If you were starting your AI agent team from scratch today, which roles would you hire first? That’s the question James answers in this live session — and he backs it up by showing the actual system running his business right now.

You’ll see the orchestrator (Dean), the four department managers, the three memory layers, and how scheduled tasks run the whole operation overnight while James sleeps. Plus a live walkthrough of the outbound sales pipeline and the YouTube repurposing waterfall.

Step 1 — Start With an Orchestrator, Not Individual Skills

Most people build AI tools the wrong way. They install a skill here, add a plugin there, and then they become the bottleneck — manually deciding which tool to call, in what order, every single time.

The fix is an orchestrator.
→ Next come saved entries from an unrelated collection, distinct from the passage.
(* Let $m$ be odd, $q=2^m$, $R=GR(4,m)$ with Teichmüller set $\mathcal{T}$, let $B\in\mathcal{T}$ with $B\ne0$, and let $d\in\mathbb{F}_q$. The number of quadruples $(X,Y,Z,W)\in\mathcal{T}^4$ satisfying $$X+Y-Z-W=2B,\qquad x^3+y^3+z^3+w^3=b^3d$$ is $2^m$ if $d=0$, is $2^{m+1}$ if $d\in M_1$, and is $0$ if $d\in M_0\cup M_3$.
   Context: $R=GR(4,m)=\mathbb{Z}_4[x]/(f(x))$ with $f$ monic of degree $m$ irreducible mod 2; $\mathcal{T}=\{0,1,\beta,\dots,\beta^{q-2}\}$ with $\beta\in R^*$ of order $q-1$; lower-case letters denote reductions mod 2 (in $\mathbb{F}_q$) of the corresponding elements of $\mathcal{T}$. For $c\in\mathbb{F}_q$ let $f_c(x)=x^3+x+c$, and for $i\in\{0,1,3\}$ let $M_i=\{c\in\mathbb{F}_q^*: f_c(x)=0 \text{ has exactly } i \text{ solutions in } \mathbb{F}_q\}$. *)

theory Defs
  imports "HOL-Computational_Algebra.Polynomial" "HOL-Library.Numeral_Type" "HOL-Library.Z2"
begin

text \<open>GR(4,m) = Z_4[x]/(f) is represented by the canonical representatives,
  i.e. polynomials over Z_4 of degree < m, with equality in R being congruence modulo f.
  Likewise F_q = F_2[x]/(f mod 2) is represented by polynomials over F_2 of degree < m.\<close>

definition red2 :: "4 \<Rightarrow> bit" where
  "red2 c = of_int (Rep_bit0 c)"

definition redpoly :: "4 poly \<Rightarrow> bit poly" where
  "redpoly p = map_poly red2 p"

definition GR_carrier :: "nat \<Rightarrow> 4 poly set" where
  "GR_carrier m = {p. degree p < m}"

definition Fq_carrier :: "nat \<Rightarrow> bit poly set" where
  "Fq_carrier m = {p. degree p < m}"

definition GR_modulus :: "nat \<Rightarrow> 4 poly \<Rightarrow> bool" where
  "GR_modulus m f \<longleftrightarrow> lead_coeff f = 1 \<and> degree f = m \<and> irreducible (redpoly f)"

definition GR_unit_of_order :: "4 poly \<Rightarrow> 4 poly \<Rightarrow> nat \<Rightarrow> bool" where
  "GR_unit_of_order f \<beta> n \<longleftrightarrow> (\<exists>u. f dvd (\<beta> * u - 1)) \<and> 0 < n \<and>
     f dvd (\<beta> ^ n - 1) \<and> (\<forall>k. 0 < k \<and> k < n \<longrightarrow> \<not> f dvd (\<beta> ^ k - 1))"

definition Teich :: "nat \<Rightarrow> 4 poly \<Rightarrow> 4 poly \<Rightarrow> 4 poly set" where
  "Teich m f \<beta> = {X \<in> GR_carrier m. X = 0 \<or> (\<exists>i < 2 ^ m - 1. f dvd (X - \<beta> ^ i))}"

definition Mset :: "nat \<Rightarrow> 4 poly \<Rightarrow> nat \<Rightarrow> bit poly set" where
  "Mset m f i = {c \<in> Fq_carrier m. c \<noteq> 0 \<and>
      card {x \<in> Fq_carrier m. redpoly f dvd (x ^ 3 + x + c)} = i}"

end

theory Submission
  imports Defs "HOL-Computational_Algebra.Polynomial_Factorial"
begin

text \<open>Reduction modulo 2 maps the Teichmueller set bijectively onto \<open>\<bbbF>\<^sub>q\<close>. Teichmueller
  elements are fixed by \<open>X \<mapsto> X\<^sup>q\<close>, and modulo 4 one has \<open>(X + Y)\<^sup>q = X\<^sup>q + Y\<^sup>q + 2 (X Y)\<^sup>q\<^sup>/\<^sup>2\<close>;
  hence \<open>X + Y - Z - W = 2 B\<close> in \<open>GR(4, m)\<close> is equivalent to \<open>x + y + z + w = 0\<close> and
  \<open>x y + z w = b\<^sup>2\<close> over \<open>\<bbbF>\<^sub>q\<close>. Under these two equations the cubic condition becomes
  \<open>x + y = b d\<close>, so the solutions are parametrised by \<open>x \<in> \<bbbF>\<^sub>q\<close> and a root of
  \<open>u\<^sup>2 + b d u + b\<^sup>2\<close>: there are \<open>q\<close> times as many as roots of \<open>v\<^sup>2 + d v + 1\<close>.
  For odd \<open>m\<close> that number is 1, 2 or 0 according as \<open>d = 0\<close>, \<open>d \<in> M\<^sub>1\<close> or \<open>d \<in> M\<^sub>0 \<union> M\<^sub>3\<close>.
  This follows from the Artin-Schreier criterion (\<open>v\<^sup>2 + d v + 1\<close> has a root iff
  \<open>Tr(1/d\<^sup>2) = 0\<close>), from \<open>Tr(1) = 1\<close>, and from \<open>Tr(1/d\<^sup>2) = Tr(1/r\<^sup>2)\<close> for a root \<open>r\<close>
  of \<open>x\<^sup>3 + x + d\<close>, whose other roots exist iff \<open>Tr(1 + 1/r\<^sup>2) = 0\<close>.\<close>

section \<open>Reduction modulo 2\<close>

lemma Z4_cases: "(c::4) = 0 \<or> c = 1 \<or> c = 2 \<or> c = 3"
proof (induct c)
  case (of_int z)
  then have "z \<in> {0,1,2,3}" by auto
  then show ?case by auto
qed

lemma red2_0 [simp]: "red2 0 = 0" and red2_1 [simp]: "red2 1 = 1"
  by (simp_all add: red2_def bit0.Rep_0 bit0.Rep_1)

lemma red2_numeral [simp]: "red2 (numeral w) = of_int (numeral w mod 4)"
  by (simp add: red2_def bit0.Rep_numeral)
(* Let $p$ be a prime and $k,\ell,m$ integers with $k>0$ and $\ell,m\ge 0$; put $q=p^k$, $Q=p^{\ell}$, $R=p^m$. Let $c\in\mathbb{F}_{q^3}$ and define \[ f(X)=(X^q-X)^{Q+1}+c^{q^2}X^{q^2R}+c^{q}X^{qR}+cX^{R}, \] i.e. $f(X)=X^{Q+1}\circ(X^q-X)+(X^{q^2}+X^q+X)\circ cX^{R}$. Then $f(X)$ permutes $\mathbb{F}_{q^3}$ if and only if $\gcd(q-1,Q+1)=1$ and $\operatorname{Tr}_{\mathbb{F}_{q^3}/\mathbb{F}_q}(c)\ne 0$. Equivalently, $f(X)$ permutes $\mathbb{F}_{q^3}$ if and only if $p=2$, $\operatorname{ord}_2(k)\le\operatorname{ord}_2(\ell)$, and $c^{q^2}+c^q+c\ne 0$.
   Context: A polynomial permutes $\mathbb{F}_{q^3}$ if the induced map $\mathbb{F}_{q^3}\to\mathbb{F}_{q^3}$ is a bijection. $\operatorname{Tr}_{\mathbb{F}_{q^3}/\mathbb{F}_q}(c)=c^{q^2}+c^q+c$. For a nonzero integer $N$, $\operatorname{ord}_2(N)$ is the largest integer $s\ge0$ with $2^s\mid N$, and $\operatorname{ord}_2(0)=\infty$. *)

theory Defs
  imports "HOL-Computational_Algebra.Computational_Algebra" "HOL-Library.Extended_Nat"
begin

definition tr3 :: "nat \<Rightarrow> 'a::field \<Rightarrow> 'a" where
  "tr3 q c = c ^ (q ^ 2) + c ^ q + c"

definition ord2 :: "nat \<Rightarrow> enat" where
  "ord2 n = (if n = 0 then \<infinity> else enat (multiplicity (2::nat) n))"

end

(*
  Write f = h o L + g with L x = x^q - x, h y = y^(Q+1) and g x = Tr (c x^R). The map L has
  kernel F_q and its image is the kernel of the trace, while g is additive with g t = t^R Tr c
  on F_q. Hence f is injective iff Tr c <> 0 and h separates trace-zero elements modulo F_q:
  y1^(Q+1) - y2^(Q+1) in F_q must force y1 = y2. A (Q+1)-th root of unity z <> 1 in F_q breaks
  this (x and z x + t collide for a suitable t in F_q), so gcd (q-1) (Q+1) = 1 is necessary, and
  elementary number theory turns this gcd condition into p = 2 and ord2 k <= ord2 l.
  Conversely, let p = 2 and adjoin a primitive cube root of unity w. On trace-zero y the Frobenius
  satisfies phi^2 = phi + 1, so y = a + b with a = y^q + w y and b = y^q + w^2 y eigenvectors of
  phi (k even) or of phi^2 (k odd), with the two primitive cube roots of unity as eigenvalues.
  Expanding y^(Q+1) into eigencomponents, the condition that y1^(Q+1) + y2^(Q+1) is fixed by
  Frobenius kills every component with a nontrivial eigenvalue. What remains is a1^e = a2^e
  (or b1^e = b2^e) with e = Q + 1 or e = qQ + 1 coprime to m - 1, where a^m = w a is the
  eigenvector relation, and this forces a1 = a2 and b1 = b2.
*)
theory Submission
  imports Defs "HOL-Number_Theory.Number_Theory" "HOL-Algebra.Algebraic_Closure_Type"
begin

\<comment> \<open>otherwise HOL-Algebra's \<open>prime\<close> would shadow the one of the theorem\<close>
hide_const (open) Divisibility.prime

section \<open>Coprimality of p ^ k - 1 and p ^ l + 1\<close>

lemma dvd_of_dvd_double_if_ord2_le:
  fixes d a b :: nat
  assumes "d dvd a" "d dvd 2 * b" "a \<noteq> 0" "ord2 a \<le> ord2 b"
  shows "d dvd b"
proof (cases "b = 0")
  case False
  show ?thesis
  proof (rule multiplicity_le_imp_dvd)
    show "d \<noteq> 0" using assms(1,3) by auto
  next
    fix r :: nat assume r: "prime r"
    show "multiplicity r d \<le> multiplicity r b"
    proof (cases "r = 2")
      case True
      have "multiplicity 2 d \<le> multiplicity 2 a"
        using assms(1,3) by (rule dvd_imp_multiplicity_le)
      also have "\<dots> \<le> multiplicity 2 b"
        using assms(3,4) False by (simp add: ord2_def)
      finally show ?thesis using True by simp
    next
      case False
      have "multiplicity r d \<le> multiplicity r (2 * b)"
        using assms(2) \<open>b \<noteq> 0\<close> by (intro dvd_imp_multiplicity_le) auto
      also have "\<dots> = multiplicity r b"
        using r False \<open>b \<noteq> 0\<close> multiplicity_distinct_prime_power[of r 2 1]
        by (simp add: prime_elem_multiplicity_mult_distrib)
      finally show ?thesis .
    qed
  qed
qed simp

lemma even_if_ord2_le:
  assumes "even k" "k \<noteq> 0" "ord2 k \<le> ord2 l"
  shows "even l"
proof (cases "l = 0")
  case False
  have "1 \<le> multiplicity 2 k"
    using assms(1,2) by (intro multiplicity_geI) auto
  also have "\<dots> \<le> multiplicity 2 l"
    using assms(2,3) False by (simp add: ord2_def)
  finally show ?thesis
    using multiplicity_dvd'[of 1 2 l] by simp
qed simp

lemma ord2_double_le_if_odd:
  assumes "odd k" "even b"
  shows "ord2 (2 * k) \<le> ord2 b"
proof (cases "b = 0")
  case False
  have "multiplicity 2 (2 * k) = 1"
    using assms(1) by (intro multiplicity_decomposeI[where x' = k]) simp_all
  moreover have "1 \<le> multiplicity 2 b"
    using assms(2) False by (intro multiplicity_geI) auto
  ultimately show ?thesis
    using False assms(1) by (auto simp: ord2_def odd_pos)
qed (simp add: ord2_def)

lemma coprime_two_power_add_one_two_power_sub_one:
  fixes a b :: nat
  assumes "a > 0" "ord2 a \<le> ord2 b"
  shows "coprime (2 ^ b + 1) (2 ^ a - 1 :: nat)"
proof (rule coprimeI)
  fix d :: nat
  assume db: "d dvd 2 ^ b + 1" and da: "d dvd 2 ^ a - 1"
  have "(2 ^ b + 1) * (2 ^ b - 1) = (2::nat) ^ (2 * b) - 1"
    by (simp add: power_mult algebra_simps power2_eq_square)
  then have "d dvd 2 ^ (2 * b) - 1"
    using db by (metis dvd_mult2)
  then have "[2 ^ a = 1] (mod d)" "[2 ^ (2 * b) = 1] (mod d)"
    using da by (simp_all add: cong_altdef_nat)
  then have "ord d 2 dvd a" "ord d 2 dvd 2 * b"
    by (simp_all add: ord_divides')
  then have "ord d 2 dvd b"
    by (rule dvd_of_dvd_double_if_ord2_le) (use assms in simp_all)
  then have "d dvd 2 ^ b - 1"
    by (simp add: cong_altdef_nat flip: ord_divides')
  then have "d dvd (2 ^ b + 1) - (2 ^ b - 1)"
    using db by (rule dvd_diff_nat[rotated])
  then have "d = 1 \<or> d = 2"
    using two_is_prime_nat prime_nat_iff by auto
  moreover have "odd d"
  proof
    assume "even d"
    then have "even (2 ^ a - 1 :: nat)"
      using da by (rule dvd_trans)
    then show False
      using assms(1) by simp
  qed
  ultimately show "is_unit d"
    by auto
qed

lemma coprime_two_power_add_one_four_power_sub_one:
  fixes k b :: nat
  assumes "odd k" and "even b"
  shows "coprime (2 ^ b + 1) (2 ^ (2 * k) - 1 :: nat)"
  using coprime_two_power_add_one_two_power_sub_one[OF _ ord2_double_le_if_odd[OF assms]] odd_pos[OF assms(1)]
  by simp

lemma add_one_dvd_power_add_one:
  fixes x :: int
  assumes "odd n"
  shows "x + 1 dvd x ^ n + 1"
proof -
  have "[x ^ n = (- 1) ^ n] (mod x + 1)"
    by (rule cong_pow) (simp add: cong_iff_dvd_diff)
  then show ?thesis
    using assms by (simp add: cong_iff_dvd_diff)
qed

lemma add_one_dvd_power_sub_one:
  fixes x :: int
  assumes "even n"
  shows "x + 1 dvd x ^ n - 1"
proof -
  have "[x ^ n = (- 1) ^ n] (mod x + 1)"
    by (rule cong_pow) (simp add: cong_iff_dvd_diff)
  then show ?thesis
    using assms by (simp add: cong_iff_dvd_diff)
qed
James calls his Dean. Dean knows every department, every employee, every tool available. When James says “I want 10 more leads” or “publish this video,” Dean figures out which agents are needed and routes the work — without James having to manage the steps.

Think of it like a waterfall with locks. Without an orchestrator, there’s one gate — everything moves in sequence, one task at a time. With an orchestrator who can open five gates at once, work flows in parallel. That’s the difference between a task queue and a real team.

The first hire isn’t a skill. It’s the person who manages all the skills.

Step 2 — Organize Into Departments, Not a Flat List of Skills

Once you have an orchestrator, the next decision is structure. James broke his team into four departments:

  • Marketing Manager — YouTube, social, newsletter, content repurposing
  • Sales Manager — outbound pipeline, CRM, campaigns, launches
  • Education Manager — course structure, live sessions, lesson creation
  • Community Manager — campus engagement, onboarding, daily posts

Each department manager has its own rules, memories, and workflow recipes. When James tells Dean “do the social media for the week,” Dean hands off to the Marketing Manager — who already knows which employees to call, what tools to use, and in what order.

You can structure departments by function (like James), by client, or by project. The structure doesn’t matter as much as having one. Without it, you’re still the one deciding which skill to call next.

Step 3 — Build Three Layers of Memory Before You Scale

Agents without memory make the same mistakes over and over. They forget your voice, your customers, your goals. Memory is what turns a smart tool into an actual employee.

There are three layers every AI operating system needs:

Layer 1 — The Static Filing Cabinet. This is the bedrock: ideal customer profile, what you sell, your business goals, what tools are available, who the business serves. It gets set once and re-evaluated regularly. Every agent reads this before doing any work.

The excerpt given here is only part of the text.